Second Amended and Restated Operating Expense Responsibility Agreement among TriLinc Global Impact Fund, LLC, TriLinc Global, LLC and TriLinc Advisors, LLC, dated as of May 12, 2021
Exhibit 10.1
SECOND AMENDED AND RESTATED OPERATING EXPENSE
RESPONSIBILITY AGREEMENT
This Second Amended and Restated Expense Responsibility Agreement, effective as of May 12th, 2021 (the “Agreement”), is entered into by and among TriLinc Global, LLC, a Delaware limited liability company (“Sponsor”), TriLinc Advisors, LLC, a Delaware limited liability company (“Advisor”), and TriLinc Global Impact Fund, LLC, a Delaware limited liability company (“Fund” and together with the Sponsor and the Advisor, the “Parties”).
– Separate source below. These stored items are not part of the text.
theorem corollary8:
  fixes V :: "'a set" and E :: "'a \<Rightarrow> 'a \<Rightarrow> nat"
  assumes "quiver V E"
    and "connected_on V E"
    and "mutation_finite V E"
    and "card V \<ge> 4"
  shows "\<forall>W. W \<subseteq> V \<and> card W = 3 \<and> connected_on W E \<longrightarrow> type_A3_or_A2hat W E"
proof (intro allI impI, elim conjE)
  fix W assume "W \<subseteq> V" "card W = 3" "connected_on W E"
  have "finite V"
    using assms(1) unfolding quiver_def by blast
  then obtain B where "\<forall>F. mut_reach V E F \<longrightarrow> (\<forall>u\<in>V. \<forall>v\<in>V. F u v \<le> B)"
    using mutation_finite_imp_bounded assms(3) by blast
  then interpret bounded_mutation_quiver V E B
    using assms(1) by unfold_locales blast+
  obtain x y z where W: "W = {x, y, z}" "distinct [x, y, z]"
    using \<open>card W = 3\<close> unfolding card_3_iff by auto
  have "W \<noteq> V"
    using \<open>card W = 3\<close> assms(4) by auto
  then obtain v where "v \<in> V - W"
    using \<open>W \<subseteq> V\<close> by blast
  then obtain u d where "u \<in> W" "d \<in> V - W" "adjacent E u d"
    using connected_on_exit[OF assms(2) \<open>W \<subseteq> V\<close>, of x v] W(1) by blast
  then show "type_A3_or_A2hat W E"
    using connected_triangle_type[of x y z d u] \<open>W \<subseteq> V\<close> \<open>connected_on W E\<close> W by simp
qed

end
lemma tr_prod_su_basis:
  assumes d: "0 < d" and su: "su_generators d lam" and \<alpha>: "\<alpha> < d*d" and \<beta>: "\<beta> < d*d"
  shows "tr_prod d (su_basis d lam \<alpha>) (su_basis d lam \<beta>) = (if \<alpha> = \<beta> then 1 else 0)"
proof -
  define s where "s = inverse (complex_of_real (sqrt (real d)))"
  define r where "r = inverse (complex_of_real (sqrt 2))"
  have ss: "s * s * of_nat d = 1" using d unfolding s_def
    by (simp add: of_real_mult[symmetric] flip: inverse_mult_distrib)
  have rr: "r * r * 2 = 1" unfolding r_def by (simp add: of_real_mult[symmetric] flip: inverse_mult_distrib)
  let ?I = "curry (($$) (1\<^sub>m d))" and ?L = "\<lambda>i. curry (($$) (lam i))"
  have B0: "su_basis d lam 0 = (\<lambda>a c. s * ?I a c)" unfolding su_basis_def s_def by simp
  have BS: "su_basis d lam (Suc i) = (\<lambda>a c. r * ?L i a c)" for i unfolding su_basis_def r_def by simp
  have I: "ftrace d ?I = of_nat d" unfolding ftrace_def by simp
  have IL: "tr_prod d ?I (?L i) = 0" if "i < d\<^sup>2 - 1" for i
    using su_generators_traceless[OF su that] by (simp add: tr_prod_one_left)
  from d \<alpha> show ?thesis
  proof (cases rule: su_basis_cases)
    case 1
    from d \<beta> show ?thesis
    proof (cases rule: su_basis_cases)
      case 1
      then show ?thesis using \<open>\<alpha> = 0\<close> ss by (simp only: B0 tr_prod_scale tr_prod_one_left I) simp
    next
      case (2 j)
      then show ?thesis using \<open>\<alpha> = 0\<close> by (simp only: B0 BS tr_prod_scale IL) simp
    qed
  next
    case (2 i)
    from d \<beta> show ?thesis
    proof (cases rule: su_basis_cases)
      case 1
      then show ?thesis using 2 by (simp only: B0 BS tr_prod_scale tr_prod_commute[of d "?L i"] IL) simp
    next
      case (2 j)
      then show ?thesis using \<open>\<alpha> = Suc i\<close> \<open>i < d\<^sup>2 - 1\<close> rr
        by (simp only: BS tr_prod_scale su_generators_orthogonal[OF su]) simp
    qed
  qed
qed

lemma su_basis_orthonormal:
  assumes d: "0 < d" and su: "su_generators d lam" and "\<alpha> < d*d" "\<beta> < d*d"
  shows "(\<Sum>p<d*d. cnj (su_basis d lam \<alpha> (p div d) (p mod d)) * su_basis d lam \<beta> (p div d) (p mod d))
       = (if \<alpha> = \<beta> then 1 else 0)"
proof -
  have "(\<Sum>p<d*d. cnj (su_basis d lam \<alpha> (p div d) (p mod d)) * su_basis d lam \<beta> (p div d) (p mod d))
      = (\<Sum>x<d. \<Sum>y<d. cnj (su_basis d lam \<alpha> x y) * su_basis d lam \<beta> x y)"
    unfolding sum_lessThan_mult by (intro sum.cong refl) simp
  also have "\<dots> = tr_prod d (su_basis d lam \<beta>) (su_basis d lam \<alpha>)"
    unfolding tr_prod_def
  proof (intro sum.cong refl)
    fix x y assume "x \<in> {..<d}" "y \<in> {..<d}"
    then have "su_basis d lam \<alpha> y x = cnj (su_basis d lam \<alpha> x y)"
      using herm_fun_su_basis[OF d su assms(3)] unfolding herm_fun_def by blast
    then show "cnj (su_basis d lam \<alpha> x y) * su_basis d lam \<beta> x y = su_basis d lam \<beta> x y * su_basis d lam \<alpha> y x"
      by simp
  qed
  finally show ?thesis using tr_prod_su_basis[OF d su assms(4,3)] by auto
qed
WHEREAS, the Parties entered into the Amended and Restated Operating Expense Responsibility Agreement on March 26, 2018 (the “Prior Agreement”), pursuant to which the Sponsor agreed to be responsible for the payment of certain of the Fund’s cumulative operating costs incurred through and including December 31, 2017, including the management and incentive fees due to the Advisor that have not been paid by the Fund (all as collectively set forth in Exhibit A hereto and referred to as “Fund Expenses”);
WHEREAS, as of the date hereof, certain subsidiaries of the Fund and International Finance Corporation have entered into a Loan Agreement (the “Loan Agreement”); and
WHEREAS, in connection with the execution of the Loan Agreement, the Parties have determined to amend and restate the Prior Agreement to modify the manner in which any reimbursements of Fund Expenses will be applied and impose certain limits on the amount of Fund Expenses that can be reimbursed.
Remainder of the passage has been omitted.